El de Kojima, de hecho, es un caso paradigmático. Despedido de Konami en 2016 tras la salida al mercado de Metal Gear Solid V, creó su propio estudio, Kojima Productions, con el que desarrolló Death Stranding (2019). El hecho de que esos dos juegos llevaran el rótulo “A Hideo Kojima Game”. Es decir, “un juego de Hideo Kojima”, a la manera en que en los carteles de las películas se especifica que el director es Christopher Nolan o Pedro Almodóvar, o en las portadas de los libros que el autor es Edna O’Brien o Javier Cercas, fue (es) todo un hito. Hay una empresa detrás de las obras, evidentemente, pero no por ello se obvia al autor.

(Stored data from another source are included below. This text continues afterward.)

(* There exists a deterministic algorithm $A$ such that for every positive integer $k$, every graph $G$ on $n$ nodes (of maximum degree at most $\Delta$) and every colored tree labeling of $G$, $A$ (given $k$) solves $\textsf{Hierarchical-THC}(k)$ on this input, and every execution of $A$ has distance cost $O(k\, n^{1/k})$ (with an absolute constant in the $O$).
   Context: Computational model. Fix a constant $\Delta\ge3$. An input is a graph $G=(V,E)$ on $n$ nodes with maximum degree at most $\Delta$, where each node has a unique identifier in $\{1,\dots,n^\alpha\}$ (some fixed $\alpha\ge1$), a port numbering, and an input label; $n$ is known to every node. An algorithm executed from a node $v$ maintains a set $V_v$ of visited nodes, initially $\{v\}$; in each step it queries $(w,j)$ with $w\in V_v$, $j\in\{1,\dots,\deg(w)\}$, and receives the identifier, degree and entire input of the neighbor $u$ of $w$ at port $j$, which is added to $V_v$; eventually it outputs the output label of $v$. Its distance cost is $\max_{w\in V_v}\mathrm{dist}(v,w)$. A deterministic algorithm solves a problem if the outputs from all nodes always form a valid output. Colored tree labelings. A colored tree labeling assigns to each node $v$ a parent $\mathrm{P}(v)$, a left child $\mathrm{LC}(v)$ and a right child $\mathrm{RC}(v)$, each in $\{1,\dots,\Delta\}\cup\{\bot\}$ (a non-$\bot$ value is a port number of $v$ identified with the neighbor reached through it; the non-$\bot$ values at $v$ are pairwise distinct), and a color $\chi_{\mathrm{in}}(v)\in\{R,B\}$. Hierarchical forest. Define $\mathrm{level}(v)=1$ if $\mathrm{RC}(v)=\bot$ and $\mathrm{level}(v)=1+\mathrm{level}(\mathrm{RC}(v))$ otherwise. For $k\ge1$, the hierarchical forest $G_k$ contains the edge $\{u,v\}$ iff $\mathrm{level}(u),\mathrm{level}(v)\le k$, $v=\mathrm{P}(u)$, and either ($u=\mathrm{LC}(v)$ and $\mathrm{level}(v)=\mathrm{level}(u)$) or ($u=\mathrm{RC}(v)$ and $\mathrm{level}(v)=\mathrm{level}(u)+1$). In the conditions below, a label $\mathrm{P}(v),\mathrm{LC}(v),\mathrm{RC}(v)$ whose corresponding edge is not in $G_k$ is treated as $\bot$. A node $v$ of level $\ell$ is a level-$\ell$ root if $\mathrm{P}(v)=\bot$ or $v=\mathrm{RC}(\mathrm{P}(v))$, and a level-$\ell$ leaf if $\mathrm{LC}(v)=\bot$. The problem $\textsf{Hierarchical-THC}(k)$: the input is a colored tree labeling; each node outputs $\chi_{\mathrm{out}}(v)\in\{R,B,D,X\}$; the output is valid iff for every node $v$, with $\ell=\mathrm{level}(v)$: (1) if $\ell>k$ then $\chi_{\mathrm{out}}(v)=X$; (2) if $v$ is a level-$\ell$ leaf then $\chi_{\mathrm{out}}(v)\in\{\chi_{\mathrm{in}}(v),D,X\}$; (3) if $\ell=1$ then (a) $\chi_{\mathrm{out}}(v)\in\{R,B,D\}$ and (b) if $v$ is not a level-1 leaf then $\chi_{\mathrm{out}}(v)=\chi_{\mathrm{out}}(\mathrm{LC}(v))$; (4) if $1<\ell<k$ and $v$ is not a level-$\ell$ leaf then either (a) $\chi_{\mathrm{out}}(v)=\chi_{\mathrm{out}}(\mathrm{LC}(v))\in\{R,B,D\}$, or (b) $\chi_{\mathrm{out}}(v)=X$ and $\chi_{\mathrm{out}}(\mathrm{RC}(v))\in\{R,B,X\}$, or (c) $\chi_{\mathrm{out}}(v)\in\{\chi_{\mathrm{in}}(v),D\}$ and $\chi_{\mathrm{out}}(\mathrm{LC}(v))=X$; (5) if $\ell=k$ then $\chi_{\mathrm{out}}(v)\in\{R,B,X\}$ and (a) if $\chi_{\mathrm{out}}(v)=X$ then $\chi_{\mathrm{out}}(\mathrm{RC}(v))\in\{R,B,X\}$, and (b) if $v$ is not a level-$\ell$ leaf and $\chi_{\mathrm{out}}(v)\ne X$ then either $\chi_{\mathrm{out}}(\mathrm{LC}(v))\ne X$ and $\chi_{\mathrm{out}}(v)=\chi_{\mathrm{out}}(\mathrm{LC}(v))$, or $\chi_{\mathrm{out}}(\mathrm{LC}(v))=X$ and $\chi_{\mathrm{out}}(v)=\chi_{\mathrm{in}}(v)$. *)

theory Defs
  imports Complex_Main
begin

text \<open>A single colour type; input colours are required to lie in {R,B}.
  \<open>None\<close> plays the role of \<open>\<bottom>\<close>.\<close>
datatype color = R | B | D | X

record label =
  par :: "nat option"   \<comment> \<open>P(v): a port number of v, or None\<close>
  lc  :: "nat option"
  rc  :: "nat option"
  cin :: color

text \<open>An input: the nodes are (hidden) names 0..<n; deg, port numbering,
  identifiers and input labels.\<close>
record inst =
  deg   :: "nat \<Rightarrow> nat"
  port  :: "nat \<Rightarrow> nat \<Rightarrow> nat"
  ident :: "nat \<Rightarrow> nat"
  lab   :: "nat \<Rightarrow> label"

definition adj :: "inst \<Rightarrow> nat \<Rightarrow> nat \<Rightarrow> bool" where
  "adj I u w \<longleftrightarrow> (\<exists>j. 1 \<le> j \<and> j \<le> deg I u \<and> port I u j = w)"

definition valid_graph :: "nat \<Rightarrow> real \<Rightarrow> nat \<Rightarrow> inst \<Rightarrow> bool" where
  "valid_graph \<Delta> \<alpha> n I \<longleftrightarrow>
     (\<forall>v<n. deg I v \<le> \<Delta>) \<and>
     (\<forall>v<n. \<forall>j. 1 \<le> j \<and> j \<le> deg I v \<longrightarrow> port I v j < n \<and> port I v j \<noteq> v) \<and>
     (\<forall>v<n. inj_on (port I v) {1..deg I v}) \<and>
     (\<forall>v<n. \<forall>w. adj I v w \<longrightarrow> adj I w v) \<and>
     inj_on (ident I) {0..<n} \<and>
     (\<forall>v<n. 1 \<le> ident I v \<and> real (ident I v) \<le> real n powr \<alpha>)"

definition valid_port_label :: "nat \<Rightarrow> inst \<Rightarrow> nat \<Rightarrow> nat option \<Rightarrow> bool" where
  "valid_port_label \<Delta> I v p \<longleftrightarrow> (\<forall>j. p = Some j \<longrightarrow> 1 \<le> j \<and> j \<le> \<Delta> \<and> j \<le> deg I v)"

definition colored_tree_labeling :: "nat \<Rightarrow> nat \<Rightarrow> inst \<Rightarrow> bool" where
  "colored_tree_labeling \<Delta> n I \<longleftrightarrow>
     (\<forall>v<n. valid_port_label \<Delta> I v (par (lab I v)) \<and>
            valid_port_label \<Delta> I v (lc (lab I v)) \<and>
            valid_port_label \<Delta> I v (rc (lab I v)) \<and>
            (par (lab I v) \<noteq> None \<longrightarrow> par (lab I v) \<noteq> lc (lab I v)) \<and>
            (par (lab I v) \<noteq> None \<longrightarrow> par (lab I v) \<noteq> rc (lab I v)) \<and>
            (lc (lab I v) \<noteq> None \<longrightarrow> lc (lab I v) \<noteq> rc (lab I v)) \<and>
            cin (lab I v) \<in> {R, B})"

definition nbr :: "inst \<Rightarrow> nat \<Rightarrow> nat option \<Rightarrow> nat option" where
  "nbr I v p = map_option (port I v) p"

inductive has_level :: "inst \<Rightarrow> nat \<Rightarrow> nat \<Rightarrow> bool" for I where
  base: "rc (lab I v) = None \<Longrightarrow> has_level I v 1"
| step: "rc (lab I v) = Some j \<Longrightarrow> has_level I (port I v j) l \<Longrightarrow> has_level I v (Suc l)"

text \<open>level(v); None means the RC-chain never reaches \<bottom> (level is infinite).\<close>
definition level :: "inst \<Rightarrow> nat \<Rightarrow> nat option" where
  "level I v = (if \<exists>l. has_level I v l then Some (THE l. has_level I v l) else None)"
lemma ioc_partition_exists:
  fixes a u :: real
  assumes "a \<le> u"
    and local_cover: "\<And>r. r \<in> {a<..u} \<Longrightarrow> \<exists>\<delta>>0. \<exists>U\<in>C. {r - \<delta><..r} \<subseteq> U"
  obtains P where "ioc_partition C {a<..u} P"
proof -
  define T where "T = {t \<in> {a..u}. \<exists>P. ioc_partition C {t<..u} P}"
  define s where "s = Inf T"
  have "s \<in> T"
    unfolding s_def T_def using assms(1) by (rule ioc_partition_Inf_attained)
  then obtain P where P: "ioc_partition C {s<..u} P" and "a \<le> s" "s \<le> u"
    unfolding T_def by auto
  have "s = a"
  proof (rule ccontr)
    assume "s \<noteq> a"
    with \<open>a \<le> s\<close> \<open>s \<le> u\<close> have "s \<in> {a<..u}"
      by simp
    then obtain \<delta> U where \<delta>: "\<delta> > 0" "U \<in> C" "{s - \<delta><..s} \<subseteq> U"
      using local_cover by blast
    define s' where "s' = s - min \<delta> (s - a)"
    have "s' < s" "a \<le> s'"
      using \<delta> \<open>s \<noteq> a\<close> \<open>a \<le> s\<close> unfolding s'_def by auto
    have "{s'<..s} \<subseteq> {s - \<delta><..s}"
      unfolding s'_def by auto
    then have "{s'<..s} \<subseteq> U"
      using \<delta>(3) by (rule order_trans)
    then have "ioc_partition C ({s'<..s} \<union> {s<..u}) (insert {s'<..s} P)"
      using \<open>s' < s\<close> \<open>U \<in> C\<close> by (intro ioc_partition_insert[OF P]) (auto simp: disjnt_def)
    moreover have "{s'<..s} \<union> {s<..u} = {s'<..u}"
      using \<open>s' < s\<close> \<open>s \<le> u\<close> by auto
    ultimately have "s' \<in> T"
      unfolding T_def using \<open>a \<le> s'\<close> \<open>s' < s\<close> \<open>s \<le> u\<close> by auto
    moreover have "bdd_below T"
      unfolding T_def by (auto intro: bdd_belowI)
    ultimately have "s \<le> s'"
      unfolding s_def by (rule cInf_lower)
    with \<open>s' < s\<close> show False
      by simp
  qed
  with P that show ?thesis
    by blast
qed
lemma not_two_roots_near_node:
  assumes kl: "k < n" "l < n" "k \<noteq> l" and near: "near_node n a c (zs ! k) i" "near_node n a c (zs ! l) i"
  shows False
proof -
  have i: "i < n - 1" using near unfolding near_node_def by simp
  define x where "x = (\<lambda>p. cmod (of_int (a i) - zs ! p))"
  have "(\<Prod>p<n. x p) = 1" unfolding x_def using i by (intro roots_list_at_node) auto
  then have "C * C = (x k * C) * (x l * C) * (\<Prod>p\<in>{..<n} - {k, l}. x p)"
    using prod_remove_two[of "{..<n}" k l x] kl by (simp add: mult_ac)
  also have "\<dots> \<le> 2 ^ (n-1) * 2 ^ (n-1) * (2 * C * (2 * M + 1) ^ (n - 3))"
  proof (intro mult_mono)
    show "x k * C \<le> 2 ^ (n-1)" "x l * C \<le> 2 ^ (n-1)"
      using near unfolding near_node_def x_def by (simp_all add: norm_minus_commute)
    show "(\<Prod>p\<in>{..<n} - {k, l}. x p) \<le> 2 * C * (2 * M + 1) ^ (n - 3)"
      unfolding x_def by (rule prod_dist_node_others_le[OF i kl])
  qed (auto simp: x_def prod_nonneg)
  also have "\<dots> = C * (2 * 4 ^ (n-1) * (2 * M + 1) ^ (n - 3))"
    by (simp add: mult_ac flip: power_mult_distrib)
  finally have "C * C \<le> C * (2 * 4 ^ (n-1) * (2 * M + 1) ^ (n - 3))" .
  then have "C \<le> 2 * 4 ^ (n-1) * (2 * M + 1) ^ (n - 3)"
    by (rule mult_left_le_imp_le) (use C_ge(2) in linarith)
  moreover have "2 * 4 ^ (n-1) * (2 * M + 1) ^ (n - 3) \<le> 6 * 4 ^ n * (2 * M + 1) ^ (n - 3)"
  proof (rule mult_right_mono)
    have "(4::real) ^ (n-1) \<le> 4 ^ n" by (rule power_increasing) auto
    moreover have "(0::real) \<le> 4 ^ n" by simp
    ultimately show "2 * 4 ^ (n-1) \<le> 6 * (4::real) ^ n" by linarith
  qed (use M_nonneg in simp)
  ultimately show False using C_ge(3) by linarith
qed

Los dibujantes pudieron. Los cineastas también. De los pintores no hace falta hablar porque muchos de sus nombres están en el olimpo de los artistas desde hace siglos, como los de los escritores o arquitectos. Quizá va siendo hora de ponerle padres a los juegos. Quizá va siendo hora de que no sean los Kojimas, o Miyamotos, a los únicos a los que podamos llamar “artistas”.